(Recorded information Opens)
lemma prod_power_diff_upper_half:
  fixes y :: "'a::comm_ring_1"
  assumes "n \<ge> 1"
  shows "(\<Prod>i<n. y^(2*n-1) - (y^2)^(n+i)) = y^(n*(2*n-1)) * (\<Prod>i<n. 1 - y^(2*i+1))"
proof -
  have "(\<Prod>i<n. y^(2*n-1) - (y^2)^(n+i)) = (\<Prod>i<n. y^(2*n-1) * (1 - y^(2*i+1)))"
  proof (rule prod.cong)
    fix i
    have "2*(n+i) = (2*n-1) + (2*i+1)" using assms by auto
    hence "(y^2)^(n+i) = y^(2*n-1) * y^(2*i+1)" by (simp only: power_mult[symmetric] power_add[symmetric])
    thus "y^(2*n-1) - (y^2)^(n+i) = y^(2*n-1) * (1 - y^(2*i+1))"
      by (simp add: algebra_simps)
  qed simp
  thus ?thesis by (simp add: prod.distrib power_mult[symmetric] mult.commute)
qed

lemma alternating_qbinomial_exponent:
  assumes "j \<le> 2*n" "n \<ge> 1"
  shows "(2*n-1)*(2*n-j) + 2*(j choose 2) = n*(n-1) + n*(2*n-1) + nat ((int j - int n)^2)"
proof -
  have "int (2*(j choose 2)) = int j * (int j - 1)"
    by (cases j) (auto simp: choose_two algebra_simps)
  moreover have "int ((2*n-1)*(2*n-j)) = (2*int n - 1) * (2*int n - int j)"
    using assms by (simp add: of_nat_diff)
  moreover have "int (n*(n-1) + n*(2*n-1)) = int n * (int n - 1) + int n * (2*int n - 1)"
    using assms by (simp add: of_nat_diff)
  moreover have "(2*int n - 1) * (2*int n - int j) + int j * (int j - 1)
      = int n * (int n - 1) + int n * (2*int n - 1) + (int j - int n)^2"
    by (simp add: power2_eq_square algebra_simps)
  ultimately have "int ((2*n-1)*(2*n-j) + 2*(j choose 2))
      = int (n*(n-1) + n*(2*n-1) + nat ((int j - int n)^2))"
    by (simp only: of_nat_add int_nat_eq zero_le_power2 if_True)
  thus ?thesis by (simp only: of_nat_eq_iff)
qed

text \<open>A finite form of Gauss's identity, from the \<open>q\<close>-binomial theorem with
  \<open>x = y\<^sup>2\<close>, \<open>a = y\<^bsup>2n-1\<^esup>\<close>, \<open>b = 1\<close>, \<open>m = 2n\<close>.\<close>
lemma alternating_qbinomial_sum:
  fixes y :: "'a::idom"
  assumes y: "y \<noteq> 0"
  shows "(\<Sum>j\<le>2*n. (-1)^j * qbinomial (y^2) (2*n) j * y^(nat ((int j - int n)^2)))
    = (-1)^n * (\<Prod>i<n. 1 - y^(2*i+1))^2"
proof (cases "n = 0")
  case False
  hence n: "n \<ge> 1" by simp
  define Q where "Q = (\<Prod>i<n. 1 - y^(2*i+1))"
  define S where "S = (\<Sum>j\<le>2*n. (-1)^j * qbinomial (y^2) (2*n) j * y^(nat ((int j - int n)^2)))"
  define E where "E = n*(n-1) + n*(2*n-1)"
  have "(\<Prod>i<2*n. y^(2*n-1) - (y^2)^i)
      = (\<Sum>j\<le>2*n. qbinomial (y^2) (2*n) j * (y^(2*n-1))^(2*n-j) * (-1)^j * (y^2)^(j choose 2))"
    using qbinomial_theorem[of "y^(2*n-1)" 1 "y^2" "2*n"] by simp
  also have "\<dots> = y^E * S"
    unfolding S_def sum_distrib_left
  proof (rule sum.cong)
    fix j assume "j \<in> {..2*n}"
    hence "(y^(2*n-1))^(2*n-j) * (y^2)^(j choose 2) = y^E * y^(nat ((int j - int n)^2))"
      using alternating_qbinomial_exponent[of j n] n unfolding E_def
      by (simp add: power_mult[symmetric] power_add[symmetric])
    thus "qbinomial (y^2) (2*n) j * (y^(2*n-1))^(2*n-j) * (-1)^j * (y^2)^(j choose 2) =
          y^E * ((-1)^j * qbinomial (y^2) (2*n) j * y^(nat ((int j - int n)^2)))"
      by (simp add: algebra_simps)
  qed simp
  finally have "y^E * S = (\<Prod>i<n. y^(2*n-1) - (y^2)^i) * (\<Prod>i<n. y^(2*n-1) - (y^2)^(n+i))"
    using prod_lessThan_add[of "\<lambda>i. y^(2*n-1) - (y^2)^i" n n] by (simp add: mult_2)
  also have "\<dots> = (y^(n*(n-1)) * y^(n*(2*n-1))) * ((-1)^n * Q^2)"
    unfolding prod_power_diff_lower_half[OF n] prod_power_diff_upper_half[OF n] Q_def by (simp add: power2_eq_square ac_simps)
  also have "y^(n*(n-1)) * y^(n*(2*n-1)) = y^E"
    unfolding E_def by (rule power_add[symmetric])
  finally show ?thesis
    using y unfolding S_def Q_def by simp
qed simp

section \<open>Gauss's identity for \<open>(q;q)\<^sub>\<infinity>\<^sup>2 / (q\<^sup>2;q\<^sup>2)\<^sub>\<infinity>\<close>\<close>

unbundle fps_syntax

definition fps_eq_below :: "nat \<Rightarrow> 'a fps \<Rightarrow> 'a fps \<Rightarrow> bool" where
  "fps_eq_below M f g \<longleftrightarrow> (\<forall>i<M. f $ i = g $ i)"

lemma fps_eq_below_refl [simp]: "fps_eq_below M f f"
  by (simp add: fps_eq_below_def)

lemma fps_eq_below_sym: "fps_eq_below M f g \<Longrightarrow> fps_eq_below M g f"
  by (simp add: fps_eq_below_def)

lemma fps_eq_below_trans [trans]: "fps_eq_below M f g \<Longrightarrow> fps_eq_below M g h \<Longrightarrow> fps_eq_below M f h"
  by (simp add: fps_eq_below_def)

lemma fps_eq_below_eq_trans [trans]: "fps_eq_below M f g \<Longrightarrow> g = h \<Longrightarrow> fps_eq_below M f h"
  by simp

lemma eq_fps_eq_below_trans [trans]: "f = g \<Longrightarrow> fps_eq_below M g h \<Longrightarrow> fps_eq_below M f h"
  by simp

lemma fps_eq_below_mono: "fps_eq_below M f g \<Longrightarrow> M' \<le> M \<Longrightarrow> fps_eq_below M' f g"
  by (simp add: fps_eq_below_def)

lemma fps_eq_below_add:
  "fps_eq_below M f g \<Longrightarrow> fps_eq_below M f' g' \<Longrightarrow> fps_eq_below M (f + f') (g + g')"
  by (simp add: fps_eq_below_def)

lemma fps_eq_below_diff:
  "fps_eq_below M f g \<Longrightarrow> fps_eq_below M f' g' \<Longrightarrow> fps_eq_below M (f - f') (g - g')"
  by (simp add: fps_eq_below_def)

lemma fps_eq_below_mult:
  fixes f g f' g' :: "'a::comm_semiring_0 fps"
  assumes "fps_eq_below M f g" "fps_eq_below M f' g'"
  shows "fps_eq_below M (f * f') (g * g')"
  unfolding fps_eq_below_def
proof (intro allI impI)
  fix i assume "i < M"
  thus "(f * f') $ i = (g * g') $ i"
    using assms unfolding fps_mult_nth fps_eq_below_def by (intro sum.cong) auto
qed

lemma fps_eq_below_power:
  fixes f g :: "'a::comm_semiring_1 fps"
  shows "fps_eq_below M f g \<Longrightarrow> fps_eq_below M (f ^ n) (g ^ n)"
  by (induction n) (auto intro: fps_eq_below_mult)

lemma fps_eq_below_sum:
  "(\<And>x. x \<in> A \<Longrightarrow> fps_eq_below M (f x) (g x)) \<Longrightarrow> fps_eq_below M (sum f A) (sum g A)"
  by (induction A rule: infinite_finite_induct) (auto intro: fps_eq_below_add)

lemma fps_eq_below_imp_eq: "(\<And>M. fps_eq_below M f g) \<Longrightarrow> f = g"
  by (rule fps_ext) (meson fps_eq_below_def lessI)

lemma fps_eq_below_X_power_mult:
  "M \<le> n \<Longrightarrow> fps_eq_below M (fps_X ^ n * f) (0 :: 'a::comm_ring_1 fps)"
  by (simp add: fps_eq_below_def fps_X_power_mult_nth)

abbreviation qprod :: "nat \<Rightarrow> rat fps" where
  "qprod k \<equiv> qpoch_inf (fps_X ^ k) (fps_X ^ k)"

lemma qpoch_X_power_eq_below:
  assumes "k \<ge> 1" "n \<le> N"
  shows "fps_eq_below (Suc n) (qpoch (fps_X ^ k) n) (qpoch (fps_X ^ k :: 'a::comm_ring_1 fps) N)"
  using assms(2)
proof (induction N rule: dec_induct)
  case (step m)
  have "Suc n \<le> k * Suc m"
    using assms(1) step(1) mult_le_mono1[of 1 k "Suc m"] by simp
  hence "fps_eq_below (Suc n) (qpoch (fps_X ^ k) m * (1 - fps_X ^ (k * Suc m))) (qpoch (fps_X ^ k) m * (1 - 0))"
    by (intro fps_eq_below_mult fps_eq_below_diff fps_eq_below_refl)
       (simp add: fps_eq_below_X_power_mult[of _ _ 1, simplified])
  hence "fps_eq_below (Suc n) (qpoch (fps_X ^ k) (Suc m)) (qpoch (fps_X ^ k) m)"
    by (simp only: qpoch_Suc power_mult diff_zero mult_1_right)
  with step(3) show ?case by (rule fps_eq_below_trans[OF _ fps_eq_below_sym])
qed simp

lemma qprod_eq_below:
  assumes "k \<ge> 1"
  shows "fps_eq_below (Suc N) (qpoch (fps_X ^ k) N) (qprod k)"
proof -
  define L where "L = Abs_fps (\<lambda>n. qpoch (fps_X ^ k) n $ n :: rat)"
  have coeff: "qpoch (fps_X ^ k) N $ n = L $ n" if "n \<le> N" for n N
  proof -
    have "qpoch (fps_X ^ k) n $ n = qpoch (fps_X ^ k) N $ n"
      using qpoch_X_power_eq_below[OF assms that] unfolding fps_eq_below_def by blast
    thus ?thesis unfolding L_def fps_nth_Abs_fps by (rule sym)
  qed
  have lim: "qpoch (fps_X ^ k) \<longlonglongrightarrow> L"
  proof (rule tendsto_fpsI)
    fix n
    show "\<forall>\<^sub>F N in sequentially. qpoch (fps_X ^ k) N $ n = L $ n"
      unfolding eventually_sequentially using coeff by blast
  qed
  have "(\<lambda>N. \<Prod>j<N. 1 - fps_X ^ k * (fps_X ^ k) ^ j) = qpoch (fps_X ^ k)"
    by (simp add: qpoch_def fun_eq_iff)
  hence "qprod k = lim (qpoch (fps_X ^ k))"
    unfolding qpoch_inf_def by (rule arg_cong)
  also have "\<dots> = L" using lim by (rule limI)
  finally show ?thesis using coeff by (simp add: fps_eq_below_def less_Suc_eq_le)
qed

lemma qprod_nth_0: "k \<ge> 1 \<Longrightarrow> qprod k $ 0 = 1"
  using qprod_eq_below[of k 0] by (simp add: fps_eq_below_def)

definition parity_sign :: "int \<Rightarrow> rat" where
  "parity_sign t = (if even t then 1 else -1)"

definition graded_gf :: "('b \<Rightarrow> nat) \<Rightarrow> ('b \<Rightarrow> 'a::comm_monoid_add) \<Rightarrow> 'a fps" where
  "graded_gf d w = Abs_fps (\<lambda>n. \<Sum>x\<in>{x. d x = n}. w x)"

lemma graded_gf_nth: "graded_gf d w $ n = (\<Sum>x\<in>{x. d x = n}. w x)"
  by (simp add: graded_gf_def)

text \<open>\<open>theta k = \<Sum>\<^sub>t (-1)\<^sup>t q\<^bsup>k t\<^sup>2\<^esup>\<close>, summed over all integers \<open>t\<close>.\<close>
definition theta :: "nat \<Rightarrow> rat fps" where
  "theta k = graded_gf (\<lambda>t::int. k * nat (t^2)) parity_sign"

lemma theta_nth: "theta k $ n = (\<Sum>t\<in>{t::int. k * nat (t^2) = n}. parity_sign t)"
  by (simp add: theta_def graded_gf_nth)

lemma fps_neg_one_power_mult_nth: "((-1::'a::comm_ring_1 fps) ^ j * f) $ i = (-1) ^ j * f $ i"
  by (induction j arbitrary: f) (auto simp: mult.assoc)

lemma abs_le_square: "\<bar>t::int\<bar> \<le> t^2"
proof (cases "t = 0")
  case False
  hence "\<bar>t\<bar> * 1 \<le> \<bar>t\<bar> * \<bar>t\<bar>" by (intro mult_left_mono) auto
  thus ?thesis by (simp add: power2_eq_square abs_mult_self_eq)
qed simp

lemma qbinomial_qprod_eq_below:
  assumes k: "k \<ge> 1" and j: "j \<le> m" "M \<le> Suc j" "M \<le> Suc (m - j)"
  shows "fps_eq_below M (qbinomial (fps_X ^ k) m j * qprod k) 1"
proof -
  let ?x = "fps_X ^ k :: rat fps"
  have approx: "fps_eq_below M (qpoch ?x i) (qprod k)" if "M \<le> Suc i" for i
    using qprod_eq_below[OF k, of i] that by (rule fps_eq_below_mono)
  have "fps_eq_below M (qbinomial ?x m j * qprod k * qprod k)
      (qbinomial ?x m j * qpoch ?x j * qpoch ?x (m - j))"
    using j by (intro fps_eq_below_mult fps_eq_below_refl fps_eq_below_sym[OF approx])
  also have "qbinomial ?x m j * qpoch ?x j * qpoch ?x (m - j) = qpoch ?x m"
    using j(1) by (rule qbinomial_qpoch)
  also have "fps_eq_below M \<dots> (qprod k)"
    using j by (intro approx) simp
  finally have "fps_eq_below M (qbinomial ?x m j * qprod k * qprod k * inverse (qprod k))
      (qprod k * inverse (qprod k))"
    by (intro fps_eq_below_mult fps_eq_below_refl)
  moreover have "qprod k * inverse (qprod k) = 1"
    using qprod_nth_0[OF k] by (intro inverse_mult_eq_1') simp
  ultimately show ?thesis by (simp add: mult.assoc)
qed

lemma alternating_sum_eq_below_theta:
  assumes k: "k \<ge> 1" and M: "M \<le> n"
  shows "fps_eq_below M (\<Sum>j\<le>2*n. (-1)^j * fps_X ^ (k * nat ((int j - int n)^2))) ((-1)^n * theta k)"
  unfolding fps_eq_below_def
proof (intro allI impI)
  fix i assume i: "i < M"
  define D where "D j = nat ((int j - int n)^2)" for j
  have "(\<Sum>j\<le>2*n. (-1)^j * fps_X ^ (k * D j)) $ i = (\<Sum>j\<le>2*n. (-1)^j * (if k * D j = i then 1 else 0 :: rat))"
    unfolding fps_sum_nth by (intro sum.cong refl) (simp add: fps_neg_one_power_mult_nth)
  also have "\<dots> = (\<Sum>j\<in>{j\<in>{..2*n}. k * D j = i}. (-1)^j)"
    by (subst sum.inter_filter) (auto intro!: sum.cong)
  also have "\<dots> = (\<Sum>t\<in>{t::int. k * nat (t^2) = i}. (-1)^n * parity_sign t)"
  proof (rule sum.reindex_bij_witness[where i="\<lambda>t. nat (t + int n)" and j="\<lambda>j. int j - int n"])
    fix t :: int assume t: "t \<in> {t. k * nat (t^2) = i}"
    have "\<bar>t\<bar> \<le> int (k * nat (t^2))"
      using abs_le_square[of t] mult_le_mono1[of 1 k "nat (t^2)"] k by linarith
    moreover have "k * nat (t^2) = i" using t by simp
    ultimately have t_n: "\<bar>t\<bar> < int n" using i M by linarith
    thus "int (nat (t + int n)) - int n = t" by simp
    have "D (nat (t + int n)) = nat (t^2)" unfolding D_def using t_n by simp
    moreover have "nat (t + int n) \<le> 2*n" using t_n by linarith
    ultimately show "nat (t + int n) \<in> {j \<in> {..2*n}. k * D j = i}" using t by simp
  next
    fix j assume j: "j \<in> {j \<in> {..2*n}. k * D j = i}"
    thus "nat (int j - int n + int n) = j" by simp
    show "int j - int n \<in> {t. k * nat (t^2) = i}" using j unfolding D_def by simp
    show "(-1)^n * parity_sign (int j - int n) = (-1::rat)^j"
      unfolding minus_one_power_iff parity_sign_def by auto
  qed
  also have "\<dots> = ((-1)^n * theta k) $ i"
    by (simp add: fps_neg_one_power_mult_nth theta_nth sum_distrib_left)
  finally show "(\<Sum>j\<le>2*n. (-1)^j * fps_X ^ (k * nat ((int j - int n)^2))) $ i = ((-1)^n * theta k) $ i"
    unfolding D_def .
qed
(Recorded information Closes)
(Recorded information Opens)
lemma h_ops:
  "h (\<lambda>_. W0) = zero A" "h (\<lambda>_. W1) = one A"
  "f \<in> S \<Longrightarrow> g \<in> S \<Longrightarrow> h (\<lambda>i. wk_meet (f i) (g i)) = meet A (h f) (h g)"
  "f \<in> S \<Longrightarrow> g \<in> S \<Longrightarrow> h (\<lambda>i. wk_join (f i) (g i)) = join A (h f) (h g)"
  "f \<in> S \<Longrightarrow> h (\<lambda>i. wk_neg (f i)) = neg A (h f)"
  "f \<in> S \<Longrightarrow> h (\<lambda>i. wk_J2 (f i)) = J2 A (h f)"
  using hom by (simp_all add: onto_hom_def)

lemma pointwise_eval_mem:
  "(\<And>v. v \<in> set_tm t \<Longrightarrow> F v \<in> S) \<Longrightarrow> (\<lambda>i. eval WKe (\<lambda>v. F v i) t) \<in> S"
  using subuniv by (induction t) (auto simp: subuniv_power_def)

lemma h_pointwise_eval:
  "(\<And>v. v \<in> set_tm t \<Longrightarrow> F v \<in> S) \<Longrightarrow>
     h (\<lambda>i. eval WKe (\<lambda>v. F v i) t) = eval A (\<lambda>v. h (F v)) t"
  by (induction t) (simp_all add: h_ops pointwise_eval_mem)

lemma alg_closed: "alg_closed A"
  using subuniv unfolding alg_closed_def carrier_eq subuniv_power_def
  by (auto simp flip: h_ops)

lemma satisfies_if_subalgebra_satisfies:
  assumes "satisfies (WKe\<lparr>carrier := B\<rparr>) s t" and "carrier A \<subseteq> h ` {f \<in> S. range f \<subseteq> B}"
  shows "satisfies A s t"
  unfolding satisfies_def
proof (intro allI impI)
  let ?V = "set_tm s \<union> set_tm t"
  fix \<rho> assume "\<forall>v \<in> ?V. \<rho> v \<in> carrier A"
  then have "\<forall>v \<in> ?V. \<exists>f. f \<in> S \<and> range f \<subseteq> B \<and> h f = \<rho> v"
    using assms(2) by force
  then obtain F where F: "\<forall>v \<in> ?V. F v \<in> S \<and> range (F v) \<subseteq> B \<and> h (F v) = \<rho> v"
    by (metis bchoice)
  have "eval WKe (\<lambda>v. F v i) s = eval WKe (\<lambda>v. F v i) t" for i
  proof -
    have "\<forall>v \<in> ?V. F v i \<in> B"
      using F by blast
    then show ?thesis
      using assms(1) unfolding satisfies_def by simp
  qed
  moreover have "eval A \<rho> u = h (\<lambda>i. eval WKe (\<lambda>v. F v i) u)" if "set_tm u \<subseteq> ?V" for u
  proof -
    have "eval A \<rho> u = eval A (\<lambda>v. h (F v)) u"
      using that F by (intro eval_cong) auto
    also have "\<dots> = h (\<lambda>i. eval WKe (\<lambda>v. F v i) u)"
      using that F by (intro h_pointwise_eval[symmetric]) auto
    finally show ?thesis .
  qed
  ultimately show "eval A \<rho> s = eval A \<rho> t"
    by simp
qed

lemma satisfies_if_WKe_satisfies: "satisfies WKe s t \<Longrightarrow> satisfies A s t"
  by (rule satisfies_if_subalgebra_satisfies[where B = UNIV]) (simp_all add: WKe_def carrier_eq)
(Recorded information Closes)
Look through the entries above; copy every line holding the string "assms".

    have "2*(n+i) = (2*n-1) + (2*i+1)" using assms by auto
    using assms by (simp add: of_nat_diff)
    using assms by (simp add: of_nat_diff)
    using assms unfolding fps_mult_nth fps_eq_below_def by (intro sum.cong) auto
  using assms(2)
    using assms(1) step(1) mult_le_mono1[of 1 k "Suc m"] by simp
      using qpoch_X_power_eq_below[OF assms that] unfolding fps_eq_below_def by blast
    using assms(2) by force
      using assms(1) unfolding satisfies_def by simp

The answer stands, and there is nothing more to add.